You can check that there exists a potential function, $U$, such that $\mathbf{F} = -\nabla U $, since $\nabla \wedge \mathbf{F} = 0$ (then, $\mathbf{F}$ is known as a force field). You can also verify that $U$ is given by:
$$ U(x,y) =- \frac{x^2}{y},$$
which is continuous in its domain, which is the same as the domain of $\mathbf{F}$.

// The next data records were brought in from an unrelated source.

(* Let $\mathcal{H},\mathcal{K}$ be real or complex Hilbert spaces and let $S:\mathcal{H}\to\mathcal{K}$ and $T:\mathcal{K}\to\mathcal{H}$ be (not necessarily densely defined) surjective linear operators such that $$\langle Sx,y\rangle=\langle x,Ty\rangle\qquad \text{for all } x\in\operatorname{dom} S,\ y\in\operatorname{dom} T.$$ Then $S$ and $T$ are both densely defined operators such that $S^*=T$ and $T^*=S$.
   Context: Linear operators are defined on linear subspaces $\operatorname{dom}$ of the respective space; surjective means the range is the whole target space. *)

theory Defs
  imports "HOL-Analysis.Analysis"
begin

class complex_vector = real_vector +
  fixes scaleC :: "complex \<Rightarrow> 'a \<Rightarrow> 'a"
  assumes scaleC_add_right: "scaleC a (x + y) = scaleC a x + scaleC a y"
    and scaleC_add_left: "scaleC (a + b) x = scaleC a x + scaleC b x"
    and scaleC_scaleC: "scaleC a (scaleC b x) = scaleC (a * b) x"
    and scaleC_one: "scaleC 1 x = x"
    and scaleR_scaleC: "scaleR r x = scaleC (complex_of_real r) x"

class complex_inner = complex_vector + real_normed_vector +
  fixes cinner :: "'a \<Rightarrow> 'a \<Rightarrow> complex"
  assumes cinner_commute: "cinner x y = cnj (cinner y x)"
    and cinner_add_left: "cinner (x + y) z = cinner x z + cinner y z"
    and cinner_scaleC_left: "cinner (scaleC r x) y = cnj r * cinner x y"
    and cinner_ge_zero: "Im (cinner x x) = 0 \<and> 0 \<le> Re (cinner x x)"
    and cinner_eq_zero_iff: "cinner x x = 0 \<longleftrightarrow> x = 0"
    and norm_eq_sqrt_cinner: "norm x = sqrt (Re (cinner x x))"

class chilbert_space = complex_inner + complete_space

definition r_lin_op :: "'a::real_vector set \<Rightarrow> ('a \<Rightarrow> 'b::real_vector) \<Rightarrow> bool" where
  "r_lin_op D S \<longleftrightarrow> subspace D \<and>
     (\<forall>x\<in>D. \<forall>y\<in>D. S (x + y) = S x + S y) \<and> (\<forall>c. \<forall>x\<in>D. S (c *\<^sub>R x) = c *\<^sub>R S x)"

definition c_subspace :: "'a::complex_vector set \<Rightarrow> bool" where
  "c_subspace D \<longleftrightarrow> 0 \<in> D \<and> (\<forall>x\<in>D. \<forall>y\<in>D. x + y \<in> D) \<and> (\<forall>c. \<forall>x\<in>D. scaleC c x \<in> D)"

definition c_lin_op :: "'a::complex_vector set \<Rightarrow> ('a \<Rightarrow> 'b::complex_vector) \<Rightarrow> bool" where
  "c_lin_op D S \<longleftrightarrow> c_subspace D \<and>
     (\<forall>x\<in>D. \<forall>y\<in>D. S (x + y) = S x + S y) \<and> (\<forall>c. \<forall>x\<in>D. S (scaleC c x) = scaleC c (S x))"

definition op_graph :: "'a set \<Rightarrow> ('a \<Rightarrow> 'b) \<Rightarrow> ('a \<times> 'b) set" where
  "op_graph E T = {(y, T y) | y. y \<in> E}"

text \<open>Graph of the adjoint of the operator S with domain D (a linear relation in general):
  (y, z) belongs to it iff <S x, y> = <x, z> for all x in D.\<close>
definition r_adjoint :: "'a::real_inner set \<Rightarrow> ('a \<Rightarrow> 'b::real_inner) \<Rightarrow> ('b \<times> 'a) set" where
  "r_adjoint D S = {(y, z). \<forall>x\<in>D. inner (S x) y = inner x z}"

definition c_adjoint :: "'a::complex_inner set \<Rightarrow> ('a \<Rightarrow> 'b::complex_inner) \<Rightarrow> ('b \<times> 'a) set" where
  "c_adjoint D S = {(y, z). \<forall>x\<in>D. cinner (S x) y = cinner x z}"

end

theory Submission
  imports Defs
begin

(* If v is orthogonal to dom S, write v = T y and y = S x: then
   |y|^2 = <S x, y> = <x, T y> = <x, v> = 0, so v = T 0 = 0, and dom S is dense by the
   projection theorem. The same computation applied to y - y', where (y, z) lies in the adjoint
   relation of S and z = T y', shows y = y', so the adjoint of S is the graph of T.
   Only the real part of the inner product enters, and Re <x, y> is a real inner product
   inducing the same norm, so the complex case is an instance of the real argument. *)

definition inner_form :: "('a::real_normed_vector \<Rightarrow> 'a \<Rightarrow> real) \<Rightarrow> bool" where
  "inner_form B \<longleftrightarrow> bilinear B \<and> (\<forall>x y. B x y = B y x) \<and> (\<forall>x. B x x = (norm x)\<^sup>2)"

Therefore, you can simply compute the work done by the (conservative) force $\mathbf{F}$ as the difference of potential between the two points $A(-1,1)$ and $B(3,2)$, that is to say:
$$\color{blue}{W_{A\to B} = U(A)-U(B)}$$
Hope this helps.
Cheers!
Some thoughts:
An example of such a force which is not defined somewhere would be the force created by a punctual mass $M$ actuating on a mass $m$, which is given by:
$$ \mathbf{F} = - G \frac{Mm}{|\mathbf{r}|^3} \mathbf{r}.$$
The gravitational potential, $\phi = G M m/|\mathbf{r}|^2$ is not defined at $(x,y,z) = (0,0,0)$ but we can still compute the work done by gravity when actuating along a certain path. We call this potential energy.